En fait, on y va uniquement pour manger un sandwich au maquereau grillé (balık ekmek) en buvant un Turşu suyu à Eminönü, au pied de la Yeni Camii. Le reste n’a que peu d’importance, ce n’est que du patinage artistique.
Histoire de sourire un peu, de se cultiver et d’être horrifié parfois, je redonne ici en lecture les six articles écrits d’après le livre d’Alain Nadaud, L’iconoclaste. Ce livre est un puits de science pour qui veut se pencher sur l’histoire de Constantinople et de ses empereurs facétieux, en pleine tourmente de la querelle des images, entre iconoclastes et iconodoules. Un régal à lire sans modération.
- Empereurs infortunés de Byzance (1) : La couronne maudite du Khazar
- Empereurs infortunés de Byzance (2) : La Basilissa et l’Aveugle
- Empereurs infortunés de Byzance (3) : Quelques infortunés empereurs jusqu’aux peurs insensées de l’Arménien
- Empereurs infortunés de Byzance (4) : Le Copronyme
- Empereurs infortunés de Byzance (5) : Léon III l’Isaurien, à l’origine de la querelle des images
- Empereurs infortunés de Byzance (6) : Les graptoi et les mandibules de Méthode
Voilà, une nouvelle aventure est en route. Je compte les jours avant le départ, avec beaucoup d’attentes, beaucoup d’envies, trop peut-être. J’ai commencé mon carnet de voyage alors que je ne suis même pas encore sur le départ.

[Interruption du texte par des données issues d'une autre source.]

(* In the rank $4$ setting of the context, let $\hat X$ be the flag simplicial complex with the same vertex set as $X$ in which two vertices are adjacent if they are adjacent in $X$, or are friends, or are acquaintances. Then the link in $\hat X$ of any edge of type $\mathbf{ab}$ is a simplex.
   Context: Let $W$ be a Coxeter group of rank $4$ with finite exponents, all special rank $3$ subgroups infinite and not of type $(2,4,4),(2,4,5),(2,5,5)$, and exactly one exponent equal to $2$. Let $X$ be the Coxeter realization (finite thickness) of a building of type $W$ with base chamber $T=\mathbf{abcd}$; a simplex has type $I\subset\mathbf{abcd}$ if it maps to $I$ under the type retraction. Each edge $I$ of $T$ is labeled by an exponent $i$ such that the link of an edge of type $I$ is a bipartite graph of girth $2i$. Labels: $\mathbf{ab}$: $2$; $\mathbf{ac}$: $m\ge6$; $\mathbf{ad}$: $k\ge3$; $\mathbf{cd}$: $l\ge3$; and either Case I: $\mathbf{bc}$: $k'\ge3$, $\mathbf{bd}$: $m'\ge6$, or Case II: $\mathbf{bc}$: $m'\ge6$, $\mathbf{bd}$: $k'\ge3$. Two simplices are adjacent if they span a simplex. Two distinct vertices of the same type $\mathbf c$ or $\mathbf d$ are friends if adjacent to a common edge of type $\mathbf{ab}$; acquaintances if not friends but adjacent to a common edge whose type is labeled $k$ or $k'$. The flag complex spanned on a graph has a simplex for each finite clique. *)

theory Defs
  imports Main "HOL-Library.Multiset"
begin

datatype gen = Ta | Tb | Tc | Td

fun alt :: "'s \<Rightarrow> 's \<Rightarrow> nat \<Rightarrow> 's list" where
  "alt s t 0 = []"
| "alt s t (Suc n) = s # alt t s n"

inductive cox_step :: "('s \<Rightarrow> 's \<Rightarrow> nat) \<Rightarrow> 's list \<Rightarrow> 's list \<Rightarrow> bool" for M where
  cancel: "cox_step M (p @ [s, s] @ q) (p @ q)"
| braid: "s \<noteq> t \<Longrightarrow> cox_step M (p @ alt s t (M s t) @ q) (p @ alt t s (M s t) @ q)"

definition weq :: "('s \<Rightarrow> 's \<Rightarrow> nat) \<Rightarrow> 's list \<Rightarrow> 's list \<Rightarrow> bool" where
  "weq M = equivclp (cox_step M)"

definition coxeter_matrix :: "('s \<Rightarrow> 's \<Rightarrow> nat) \<Rightarrow> bool" where
  "coxeter_matrix M \<longleftrightarrow> (\<forall>s t. M s t = M t s) \<and> (\<forall>s. M s s = 1) \<and> (\<forall>s t. s \<noteq> t \<longrightarrow> M s t \<ge> 2)"

definition wlen :: "('s \<Rightarrow> 's \<Rightarrow> nat) \<Rightarrow> 's list \<Rightarrow> nat" where
  "wlen M w = (LEAST n. \<exists>v. weq M w v \<and> length v = n)"
lemma lattice_periodic_rep_coset: "lattice_periodic L f \<Longrightarrow> f (rep (coset x)) = f x"
  using lattice_periodic_eq rep_coset diff_in_sublattice_commute by metis

lemma finite_cosets: "finite (cosets L)"
proof -
  obtain D where "D > 0" and grid: "\<And>k j. (D * k, D * j) \<in> L"
    using scaled_grid_in_sublattice by blast
  have "coset x \<in> coset ` ({0..<D} \<times> {0..<D})" for x
  proof -
    obtain a c where x: "x = (a, c)" by fastforce
    have "x - (a mod D, c mod D) = (D * (a div D), D * (c div D))"
      by (simp add: x minus_mod_eq_mult_div)
    then have "coset x = coset (a mod D, c mod D)"
      unfolding coset_eq_iff by (simp add: grid)
    then show ?thesis using \<open>D > 0\<close> by simp
  qed
  then have "cosets L \<subseteq> coset ` ({0..<D} \<times> {0..<D})"
    unfolding cosets_eq_range_coset by blast
  then show ?thesis by (rule finite_subset) simp
qed

lemma lattice_periodic_attains_max:
  fixes f :: "pt \<Rightarrow> 'a::linorder"
  assumes "lattice_periodic L f"
  obtains z where "\<And>x. f x \<le> f z"
proof -
  have range_eq: "range f = (\<lambda>C. f (rep C)) ` cosets L"
    unfolding cosets_eq_range_coset image_image lattice_periodic_rep_coset[OF assms] by simp
  then have "Max (range f) \<in> range f"
    using finite_cosets by (intro Max_in) auto
  moreover have "f x \<le> Max (range f)" for x
    using finite_cosets range_eq by (intro Max_ge) auto
  ultimately show ?thesis using that by (metis rangeE)
qed

lemma sum_cosets_translate:
  assumes "lattice_periodic L f"
  shows "(\<Sum>C\<in>cosets L. f (rep C + y)) = (\<Sum>C\<in>cosets L. f (rep C))"
proof (rule sum.reindex_bij_witness[where j = "\<lambda>C. coset (rep C + y)"
                                       and i = "\<lambda>C. coset (rep C - y)"])
  fix C assume C: "C \<in> cosets L"
  have "rep (coset (rep C + y)) - y - rep C \<in> L"
    using rep_coset[of "rep C + y"] diff_in_sublattice_commute by (simp add: algebra_simps)
  then show "coset (rep (coset (rep C + y)) - y) = C"
    using coset_rep[OF C] coset_eq_iff by metis
  show "f (rep (coset (rep C + y))) = f (rep C + y)"
    by (rule lattice_periodic_rep_coset[OF assms])
next
  fix C assume C: "C \<in> cosets L"
  have "rep (coset (rep C - y)) + y - rep C \<in> L"
    using rep_coset[of "rep C - y"] diff_in_sublattice_commute by (simp add: algebra_simps)
  then show "coset (rep (coset (rep C - y)) + y) = C"
    using coset_rep[OF C] coset_eq_iff by metis
qed (simp_all add: cosets_eq_range_coset)

section \<open>The slope of a periodic tiling\<close>

lemma type_count_eq_card:
  assumes "lattice_periodic L T"
  shows "type_count L T t = card {C \<in> cosets L. T (rep C) = t}"
proof -
  have "(\<exists>x\<in>C. T x = t) \<longleftrightarrow> T (rep C) = t" if "C \<in> cosets L" for C
    using lattice_periodic_on_coset[OF assms that] rep_in_coset[OF that] by metis
  then have "{C \<in> cosets L. \<exists>x\<in>C. T x = t} = {C \<in> cosets L. T (rep C) = t}"
    by auto
  then show ?thesis unfolding type_count_def by simp
qed

lemma sum_cosets_jump:
  assumes "lattice_periodic L T"
  shows "(\<Sum>C\<in>cosets L. jump T t (rep C + y)) = int (card (cosets L)) - 3 * int (type_count L T t)"
proof -
  have "lattice_periodic L (jump T t)"
    using assms unfolding lattice_periodic_def jump_def by simp
  then have "(\<Sum>C\<in>cosets L. jump T t (rep C + y)) = (\<Sum>C\<in>cosets L. jump T t (rep C))"
    by (rule sum_cosets_translate)
  also have "\<dots> = (\<Sum>C\<in>cosets L. 1 - 3 * of_bool (T (rep C) = t))"
    by (rule sum.cong) (simp_all add: jump_def)
  also have "\<dots> = int (card (cosets L)) - 3 * int (card (cosets L \<inter> {C. T (rep C) = t}))"
    using finite_cosets by (simp add: sum_subtractf sum_distrib_left[symmetric])
  finally show ?thesis
    unfolding type_count_eq_card[OF assms] by (simp add: Collect_conj_eq Int_commute)
qed

lemma card_cosets_eq_type_counts:
  assumes "lattice_periodic L T"
  shows "card (cosets L) = type_count L T U + type_count L T V + type_count L T W"
proof -
  have "(\<Sum>C\<in>cosets L. jump T U (rep C + 0) + jump T V (rep C + 0) + jump T W (rep C + 0)) = 0"
    by (simp add: jump_sum_up_triangle)
  then show ?thesis
    unfolding sum.distrib sum_cosets_jump[OF assms] by simp
qed

lemma height_slope:
  assumes "periodic_tiling L T" and h: "height T h" and l: "l \<in> L"
  defines "N \<equiv> int (card (cosets L))"
  shows "N * (h (x + l) - h x)
    = fst l * (N - 3 * int (type_count L T U)) + snd l * (N - 3 * int (type_count L T V))"
proof -
  define Su where "Su = N - 3 * int (type_count L T U)"
  define Sv where "Sv = N - 3 * int (type_count L T V)"
  have per: "lattice_periodic L T"
    using assms(1) periodic_tiling_iff by blast
  \<comment> \<open>F is additive in y with the jump sums as increments, hence linear; and F l = N (h (x + l) - h x).\<close>
  define F where "F y = (\<Sum>C\<in>cosets L. h (rep C + y) - h (rep C))" for y
  have F_uvec: "F (y + uvec) = F y + Su" for y
  proof -
    have "F (y + uvec) = F y + (\<Sum>C\<in>cosets L. jump T U (rep C + y))"
      unfolding F_def sum.distrib[symmetric] add.assoc[symmetric] height_uvec[OF h]
      by (simp add: algebra_simps)
    then show ?thesis unfolding sum_cosets_jump[OF per] Su_def N_def .
  qed
  have F_vvec: "F (y + vvec) = F y + Sv" for y
  proof -
    have "F (y + vvec) = F y + (\<Sum>C\<in>cosets L. jump T V (rep C + (y + vvec)))"
      unfolding F_def sum.distrib[symmetric] add.assoc[symmetric] height_vvec[OF h]
      by (simp add: algebra_simps)
    then show ?thesis unfolding sum_cosets_jump[OF per] Sv_def N_def .
  qed
  define G where "G y = F y - (fst y * Su + snd y * Sv)" for y
  have "G l = G 0"
  proof (rule translation_invariant_const)
    show "G (z + uvec) = G z" and "G (z + vvec) = G z" for z
      unfolding G_def F_uvec F_vvec by (simp_all add: uvec_def vvec_def algebra_simps)
  qed
  then have "F l = fst l * Su + snd l * Sv"
    by (simp add: G_def F_def)
  moreover have "F l = N * (h (x + l) - h x)"
    unfolding F_def N_def using sum.cong[OF refl height_increment_const[OF per h l, where x = x]] by simp
  ultimately show ?thesis unfolding Su_def Sv_def by simp
qed

section \<open>Flips\<close>

lemma add_in_sublattice_iff: "l \<in> L \<Longrightarrow> x + l - y \<in> L \<longleftrightarrow> x - y \<in> L"
  using add_in_sublattice[of "x - y" l] diff_in_sublattice[of "x + l - y" l]
  by (auto simp: algebra_simps)

lemma lattice_periodic_set_conf:
  "lattice_periodic L T \<Longrightarrow> lattice_periodic L (set_conf L T z a b c)"
  unfolding lattice_periodic_def set_conf_def psub_eq padd_eq
  by (simp add: add_in_sublattice_iff)

definition lowered :: "pt \<Rightarrow> (pt \<Rightarrow> int) \<Rightarrow> pt \<Rightarrow> int" where
  "lowered z h x = (if x - z \<in> L then h x - 3 else h x)"

lemma flip_at_sink:
  assumes per: "lattice_periodic L T" and h: "height T h"
    and sink: "T z = U" "T (z - uvec) = W" "T (z + vvec) = V"
  defines "T' \<equiv> set_conf L T z V U W"
  shows "height T' (lowered z h)" and "periodic_tiling L T'"
    and "flip L T T'" and "flip L T' T"
proof -
  have coset_z: "x - z \<in> L \<Longrightarrow> T x = U"
    and coset_z_u: "x - (z - uvec) \<in> L \<Longrightarrow> T x = W"
    and coset_z_v: "x - (z + vvec) \<in> L \<Longrightarrow> T x = V" for x
    using lattice_periodic_eq[OF per] sink by metis+
  have T': "T' x = (if x - z \<in> L then V else if x - (z - uvec) \<in> L then U
      else if x - (z + vvec) \<in> L then W else T x)" for x
    by (simp add: T'_def set_conf_def)
  have "lowered z h (x + uvec) = lowered z h x + jump T' U x" for x
  proof -
    have e: "x + uvec - z = x - (z - uvec)" by (simp add: algebra_simps)
    show ?thesis
      unfolding lowered_def e height_uvec[OF h] jump_def T'
      using coset_z[of x] coset_z_u[of x] coset_z_v[of x] by auto
  qed
  moreover have "lowered z h y = lowered z h (y - vvec) + jump T' V y" for y
  proof -
    have e: "y - vvec - z = y - (z + vvec)" by (simp add: algebra_simps)
    show ?thesis
      unfolding lowered_def e height_vvec[OF h, of "y - vvec", simplified] jump_def T'
      using coset_z[of y] coset_z_u[of y] coset_z_v[of y] by auto
  qed
  ultimately show height': "height T' (lowered z h)"
    unfolding height_def by (metis add_diff_cancel)
  show "periodic_tiling L T'"
    unfolding periodic_tiling_iff T'_def
    using lattice_periodic_set_conf[OF per] height_imp_lozenge_tiling[OF height'[unfolded T'_def]]
    by blast
  show "flip L T T'"
    unfolding flip_def T'_def using sink_configuration_is_sink[OF sink] by blast
  have "is_source T' z"
  proof (rule source_configuration_is_source)
    show "T' z = V" by (simp add: T' zero_in_sublattice)
    show "T' (z - uvec) = U"
      using coset_z[of "z - uvec"] sink(2) by (auto simp: T' zero_in_sublattice)
    show "T' (z + vvec) = W"
      using coset_z[of "z + vvec"] coset_z_u[of "z + vvec"] sink(3) by (auto simp: T' zero_in_sublattice)
  qed
  moreover have "T = set_conf L T' z U W V"
    unfolding set_conf_def psub_eq padd_eq T'
    using coset_z coset_z_u coset_z_v by fastforce
  ultimately show "flip L T' T"
    unfolding flip_def by blast
qed

definition height_distance :: "(pt \<Rightarrow> int) \<Rightarrow> (pt \<Rightarrow> int) \<Rightarrow> nat" where
  "height_distance h h' = (\<Sum>C\<in>cosets L. nat \<bar>h (rep C) - h' (rep C)\<bar>)"

lemma height_distance_commute: "height_distance h h' = height_distance h' h"
  unfolding height_distance_def by (simp add: abs_minus_commute)

lemma height_distance_lowered_less:
  assumes per: "lattice_periodic L (\<lambda>x. h x - h' x)" and z: "3 \<le> h z - h' z"
  shows "height_distance (lowered z h) h' < height_distance h h'"
  unfolding height_distance_def
proof (rule sum_strict_mono_ex1[OF finite_cosets])
  have on_coset_z: "3 \<le> h x - h' x" if "x - z \<in> L" for x
    using lattice_periodic_eq[OF per that] z by simp
  show "\<forall>C\<in>cosets L. nat \<bar>lowered z h (rep C) - h' (rep C)\<bar> \<le> nat \<bar>h (rep C) - h' (rep C)\<bar>"
  proof
    fix C
    show "nat \<bar>lowered z h (rep C) - h' (rep C)\<bar> \<le> nat \<bar>h (rep C) - h' (rep C)\<bar>"
      using on_coset_z[of "rep C"] by (auto simp: lowered_def)
  qed
  have "rep (coset z) - z \<in> L"
    using rep_coset diff_in_sublattice_commute by blast
  then have "nat \<bar>lowered z h (rep (coset z)) - h' (rep (coset z))\<bar>
      < nat \<bar>h (rep (coset z)) - h' (rep (coset z))\<bar>"
    using on_coset_z[of "rep (coset z)"] by (auto simp: lowered_def)
  then show "\<exists>C\<in>cosets L. nat \<bar>lowered z h (rep C) - h' (rep C)\<bar> < nat \<bar>h (rep C) - h' (rep C)\<bar>"
    unfolding cosets_eq_range_coset by blast
qed

end

section \<open>Descent\<close>

text \<open>(Su, Sv) / N is the slope of the heights. For tilings of type (g1, g2, g3) we have
  Su = N - 3 g1 and Sv = N - 3 g2, and the three inequalities say that g1, g2, g3 > 0.\<close>

locale tilted_sublattice = sublattice +
  fixes N Su Sv :: int
  assumes N_pos: "0 < N"
    and slope_interior: "Su < N" "Sv < N" "- Su - Sv < N"
begin

definition has_slope :: "(pt \<Rightarrow> int) \<Rightarrow> bool" where
  "has_slope h \<longleftrightarrow> (\<forall>x. \<forall>l\<in>L. N * (h (x + l) - h x) = fst l * Su + snd l * Sv)"

lemma has_slope_tilted_periodic:
  "has_slope h \<Longrightarrow> lattice_periodic L (\<lambda>x. N * h x - (fst x * Su + snd x * Sv))"
  unfolding has_slope_def lattice_periodic_def by (simp add: algebra_simps)

lemma has_slope_diff_periodic:
  assumes "has_slope h" and "has_slope h'"
  shows "lattice_periodic L (\<lambda>x. h x - h' x)"
  unfolding lattice_periodic_def
proof (intro allI ballI)
  fix x l assume "l \<in> L"
  then have "N * (h (x + l) - h x) = fst l * Su + snd l * Sv"
    and "N * (h' (x + l) - h' x) = fst l * Su + snd l * Sv"
    using assms unfolding has_slope_def by blast+
  then have "N * ((h (x + l) - h' (x + l)) - (h x - h' x)) = 0"
    by (simp add: algebra_simps)
  then show "h (x + l) - h' (x + l) = h x - h' x"
    using N_pos by simp
qed

lemma has_slope_lowered: "has_slope h \<Longrightarrow> has_slope (lowered z h)"
  unfolding has_slope_def lowered_def by (simp add: add_in_sublattice_iff)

Déjà je me prends à rêver de manger des böreks sur le bord du Bosphore, de boire un thé à la terrasse du café Basin, non loin de Beyazit, de sentir l’odeur du poisson frit à Eminönü, de sucer le sucre liquide des baklavas à côté de la Rustem Paşa Camii, fouiller dans les bacs à livres pour trouver de vieux corans au marché aux livres, de flâner parmi les étals du marché de Kadıköy, d’écouter sans rien faire d’autre le muezzin de la Yeni Camii, de regarder les gens marcher dans la rue et les vieux jouer avec leur tesbih, et tout simplement de laisser le soleil turc caresser ma peau en prenant le temps de ne rien faire.